Distribution of (7alpha)-21-[4-[(diethylamino) methyl]-2-methoxyphenoxy]-7-methyl-19-norpregna-1,3,5(10)-trien-3-ol-20-[14C]2-hydroxy-1,2,3-propanetricarboxylate ([14C]TAS-108) and its metabolites after single oral administration to rats bearing 7,12-dimethylbenz(alpha)anthracene-induced mammary tumor.
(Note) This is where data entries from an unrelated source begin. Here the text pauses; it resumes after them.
definition linear_simple_map :: "'a measure \<Rightarrow> (('a \<Rightarrow> real) \<Rightarrow> ('a \<Rightarrow> real)) \<Rightarrow> bool" where
  "linear_simple_map M S \<longleftrightarrow>
     (\<forall>f\<in>simple_L1 M. integrable M (S f)) \<and>
     (\<forall>f\<in>simple_L1 M. \<forall>g\<in>simple_L1 M. (AE x in M. f x = g x) \<longrightarrow> (AE x in M. S f x = S g x)) \<and>
     (\<forall>f\<in>simple_L1 M. \<forall>g\<in>simple_L1 M. \<forall>a b.
        AE x in M. S (\<lambda>y. a * f y + b * g y) x = a * S f x + b * S g x)"

definition extends_simple :: "'a measure \<Rightarrow> (('a \<Rightarrow> real) \<Rightarrow> ('a \<Rightarrow> real)) \<Rightarrow> (('a \<Rightarrow> real) \<Rightarrow> ('a \<Rightarrow> real)) \<Rightarrow> bool" where
  "extends_simple M S T \<longleftrightarrow> (\<forall>f\<in>simple_L1 M. AE x in M. T f x = S f x)"

end

theory Submission
  imports Defs
begin

text \<open>If \<open>S\<close> has a Markov extension \<open>T\<close>, positivity and \<open>\<integral> S \<chi>\<^sub>E = \<mu> E\<close> are inherited
  from \<open>T\<close>. The adjoint image \<open>T\<^sup>* \<chi>\<^sub>E\<close> exists: it is the Radon-Nikodym density of
  \<open>G \<mapsto> \<integral> T \<chi>\<^sub>G \<chi>\<^sub>E\<close>, a measure dominated by \<open>\<mu>\<close>. It is nonnegative, and
  \<open>\<integral> \<chi>\<^sub>E S \<chi>\<^sub>A\<^sub>n = \<integral>\<^sub>A\<^sub>n T\<^sup>* \<chi>\<^sub>E\<close> increases to \<open>\<integral> T\<^sup>* \<chi>\<^sub>E\<close>; so the
  limit condition says exactly that this total mass is at most \<open>\<mu> E\<close>, i.e. that \<open>T\<close> is
  semi-doubly stochastic.

  Conversely, a positive \<open>S\<close> preserving \<open>\<integral> \<chi>\<^sub>E\<close> preserves integrals of simple functions.
  For integrable \<open>p \<ge> 0\<close> put \<open>T p = sup\<^sub>k S u\<^sub>k\<close> along simple \<open>u\<^sub>k \<up> p\<close>; this does not depend
  on the sequence, since \<open>S u\<^sub>j - S (min v\<^sub>k u\<^sub>j) \<ge> 0\<close> has integral tending to \<open>0\<close>. Then
  \<open>T f = T f\<^sup>+ - T f\<^sup>-\<close> is a Markov operator extending \<open>S\<close>. It is unique because Markov
  operators are \<open>L\<^sup>1\<close>-contractions and simple functions are dense in \<open>L\<^sup>1\<close>.\<close>

lemma L1_operator_integrable: "L1_operator M T \<Longrightarrow> integrable M f \<Longrightarrow> integrable M (T f)"
  unfolding L1_operator_def by blast

lemma L1_operator_linear:
  "L1_operator M T \<Longrightarrow> integrable M f \<Longrightarrow> integrable M g \<Longrightarrow>
    AE x in M. T (\<lambda>y. a * f y + b * g y) x = a * T f x + b * T g x"
  unfolding L1_operator_def by blast

lemma L1_operator_add:
  "L1_operator M T \<Longrightarrow> integrable M f \<Longrightarrow> integrable M g \<Longrightarrow>
    AE x in M. T (\<lambda>y. f y + g y) x = T f x + T g x"
  using L1_operator_linear[of M T f g 1 1] by simp

lemma L1_operator_diff:
  "L1_operator M T \<Longrightarrow> integrable M f \<Longrightarrow> integrable M g \<Longrightarrow>
    AE x in M. T (\<lambda>y. f y - g y) x = T f x - T g x"
  using L1_operator_linear[of M T f g 1 "-1"] by simp

lemma L1_operator_cmult:
  "L1_operator M T \<Longrightarrow> integrable M f \<Longrightarrow> AE x in M. T (\<lambda>y. c * f y) x = c * T f x"
  using L1_operator_linear[of M T f f c 0] by simp

lemma markov_operator_L1_operator: "markov_operator M T \<Longrightarrow> L1_operator M T"
  unfolding markov_operator_def by blast

lemma markov_operator_integrable: "markov_operator M T \<Longrightarrow> integrable M f \<Longrightarrow> integrable M (T f)"
  by (blast intro: L1_operator_integrable markov_operator_L1_operator)

lemma markov_operator_nonneg:
  "markov_operator M T \<Longrightarrow> integrable M f \<Longrightarrow> (AE x in M. 0 \<le> f x) \<Longrightarrow> AE x in M. 0 \<le> T f x"
  unfolding markov_operator_def by blast

lemma markov_operator_integral:
  "markov_operator M T \<Longrightarrow> integrable M f \<Longrightarrow> (\<integral>x. T f x \<partial>M) = (\<integral>x. f x \<partial>M)"
  unfolding markov_operator_def by blast

lemma markov_operator_abs_le:
  assumes T: "markov_operator M T" and f: "integrable M f"
  shows "AE x in M. \<bar>T f x\<bar> \<le> T (\<lambda>y. \<bar>f y\<bar>) x"
proof -
  have L: "L1_operator M T" using T by (rule markov_operator_L1_operator)
  have af: "integrable M (\<lambda>y. \<bar>f y\<bar>)" using f by auto
  have "AE x in M. 0 \<le> T (\<lambda>y. \<bar>f y\<bar> - f y) x" "AE x in M. 0 \<le> T (\<lambda>y. \<bar>f y\<bar> + f y) x"
    using f by (auto intro!: markov_operator_nonneg[OF T])
  with L1_operator_diff[OF L af f] L1_operator_add[OF L af f] show ?thesis
    by eventually_elim auto
qed

lemma markov_operator_L1_dist_le:
  assumes T: "markov_operator M T" and f: "integrable M f" and g: "integrable M g"
  shows "(\<integral>x. \<bar>T f x - T g x\<bar> \<partial>M) \<le> (\<integral>x. \<bar>f x - g x\<bar> \<partial>M)"
proof -
  have L: "L1_operator M T" using T by (rule markov_operator_L1_operator)
  have fg: "integrable M (\<lambda>y. f y - g y)" and afg: "integrable M (\<lambda>y. \<bar>f y - g y\<bar>)"
    using f g by auto
  have "(\<integral>x. \<bar>T f x - T g x\<bar> \<partial>M) = (\<integral>x. \<bar>T (\<lambda>y. f y - g y) x\<bar> \<partial>M)"
    using L1_operator_diff[OF L f g] L1_operator_integrable[OF L f] L1_operator_integrable[OF L g]
      L1_operator_integrable[OF L fg]
    by (intro integral_cong_AE) auto
  also have "\<dots> \<le> (\<integral>x. T (\<lambda>y. \<bar>f y - g y\<bar>) x \<partial>M)"
    using markov_operator_abs_le[OF T fg]
    by (intro integral_mono_AE) (auto intro: L1_operator_integrable[OF L] fg afg)
  also have "\<dots> = (\<integral>x. \<bar>f x - g x\<bar> \<partial>M)"
    by (rule markov_operator_integral[OF T afg])
  finally show ?thesis .
qed

lemma simple_L1_integrable: "f \<in> simple_L1 M \<Longrightarrow> integrable M f"
  unfolding simple_L1_def by blast

lemma simple_L1_iff_finite_support:
  "f \<in> simple_L1 M \<longleftrightarrow> simple_function M f \<and> emeasure M {y \<in> space M. f y \<noteq> 0} \<noteq> \<infinity>"
proof
  assume f: "f \<in> simple_L1 M"
  then have "simple_function M f" "(\<integral>\<^sup>+x. norm (f x) \<partial>M) < \<infinity>"
    unfolding simple_L1_def by (auto simp: integrable_iff_bounded)
  from simple_bochner_integrableI_bounded[OF this] show
    "simple_function M f \<and> emeasure M {y \<in> space M. f y \<noteq> 0} \<noteq> \<infinity>"
    by (auto elim: simple_bochner_integrable.cases)
qed (auto simp: simple_L1_def intro: integrable_simple_function)

lemma simple_L1_linear:
  "f \<in> simple_L1 M \<Longrightarrow> g \<in> simple_L1 M \<Longrightarrow> (\<lambda>y. a * f y + b * g y) \<in> simple_L1 M"
  unfolding simple_L1_def by (auto intro!: simple_function_add simple_function_mult)

lemma simple_L1_indicator:
  "E \<in> sets M \<Longrightarrow> emeasure M E < \<infinity> \<Longrightarrow> (indicator E :: 'a \<Rightarrow> real) \<in> simple_L1 M"
  unfolding simple_L1_def by auto

lemma simple_L1_min:
  "f \<in> simple_L1 M \<Longrightarrow> g \<in> simple_L1 M \<Longrightarrow> (\<lambda>y. min (f y) (g y)) \<in> simple_L1 M"
  unfolding simple_L1_def by (auto intro!: simple_function_compose2[where h=min])

lemma simple_L1_max_0: "f \<in> simple_L1 M \<Longrightarrow> (\<lambda>y. max (f y) 0) \<in> simple_L1 M"
  unfolding simple_L1_def by (auto intro!: simple_function_compose1[where g="\<lambda>t. max t 0"])

section \<open>Uniqueness of the extension\<close>

lemma dominated_tendsto_L1:
  fixes f :: "'a \<Rightarrow> real"
  assumes "integrable M f" "\<And>i. integrable M (s i)"
    and "\<And>x. x \<in> space M \<Longrightarrow> (\<lambda>i. s i x) \<longlonglongrightarrow> f x"
    and "\<And>i x. x \<in> space M \<Longrightarrow> \<bar>s i x\<bar> \<le> 2 * \<bar>f x\<bar>"
  shows "(\<lambda>i. \<integral>x. \<bar>f x - s i x\<bar> \<partial>M) \<longlonglongrightarrow> 0"
proof -
  have "(\<lambda>i. \<integral>x. \<bar>f x - s i x\<bar> \<partial>M) \<longlonglongrightarrow> (\<integral>x. \<bar>f x - f x\<bar> \<partial>M)"
  proof (intro integral_dominated_convergence[where w="\<lambda>x. 3 * \<bar>f x\<bar>"] AE_I2)
    fix x i assume x: "x \<in> space M"
    show "(\<lambda>i. \<bar>f x - s i x\<bar>) \<longlonglongrightarrow> \<bar>f x - f x\<bar>"
      using assms(3)[OF x] by (intro tendsto_intros)
    show "norm \<bar>f x - s i x\<bar> \<le> 3 * \<bar>f x\<bar>"
      using assms(4)[OF x, of i] by simp
  qed (use assms(1,2) in auto)
  then show ?thesis by simp
qed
(7Alpha)-21-[4-[(diethylamino)methyl]-2-methoxyphenoxy]-7-methyl-19-norpregna-1,3,5(10)-trien-3-ol 2-hydroxy-1,2,3-propanetricarboxylate (TAS-108) is a novel steroidal antiestrogen, modulating the differential recruitment of transcriptional cofactors by liganded estrogen receptors and representing a promising agent for the treatment of breast cancer. To understand better the relationships between the drug exposure and the efficacy or toxicity of TAS-108, we investigated the metabolism and distribution of TAS-108 after oral administration of [14C]TAS-108 to rats bearing a 7,12-dimethylbenz(alpha)anthracene-induced mammary carcinoma. The metabolites (7alpha)-21-[4-[(ethylamino)methyl]-2-methoxyphenoxy]-7-methyl-19-norpregna-1,3,5(10)-trien-3-ol (deEt-TAS-108), (7alpha)-21-[4-[(diethylamino)methyl]-2-methoxyphenoxy]-7-methyl-19-norpregna-1,3,5(10)-trien-3-ol-N-oxide (TAS-108-N-oxide), and 3-methoxy-4-[(7alpha)-7-methyl-19-norpregna-1,3,5(10)-trien-3-ol-21-yl]oxybenzoic acid (TAS-108-COOH) were identified as the major metabolites in the plasma, and in addition, (7alpha)-21-[4-[(ethylamino)methyl]-2-methoxyphenoxy]-3-methoxy-7-methyl-19-norpregna-1,3,5(10)-triene (O-Me-deEt-TAS-108) was identified as a novel metabolite in this study. The time-concentration profiles of TAS-108 and its metabolites in the plasma were compared with those in the tumor and uterus of the rats. Radioactivity was found at a high level in various organs including lung, liver, spleen, ovary, and many glands at 12 h and was relatively higher in tumor tissue than in plasma. On the other hand, the levels of radioactivity in the brain and eyeball were very low or not detectable. TAS-108, deEt-TAS-108, and O-Me-deEt-TAS-108 were extensively distributed in the rat tissues and the tumor, with corresponding tissue/plasma ratios for Cmax and area under the curve in the range of 7 to 100. In contrast, TAS-108-COOH and TAS-108-N-oxide were hardly distributed to the tissues and thus may not contribute to the efficacy or toxicity of TAS-108. Thus, TAS-108, deEt-TAS-108, and O-Me-deEt-TAS-108, being distributed highly in tumor tissue, may be more important for the efficacy and toxicity of TAS-108 in vivo than TAS-108-COOH and TAS-108-N-oxide.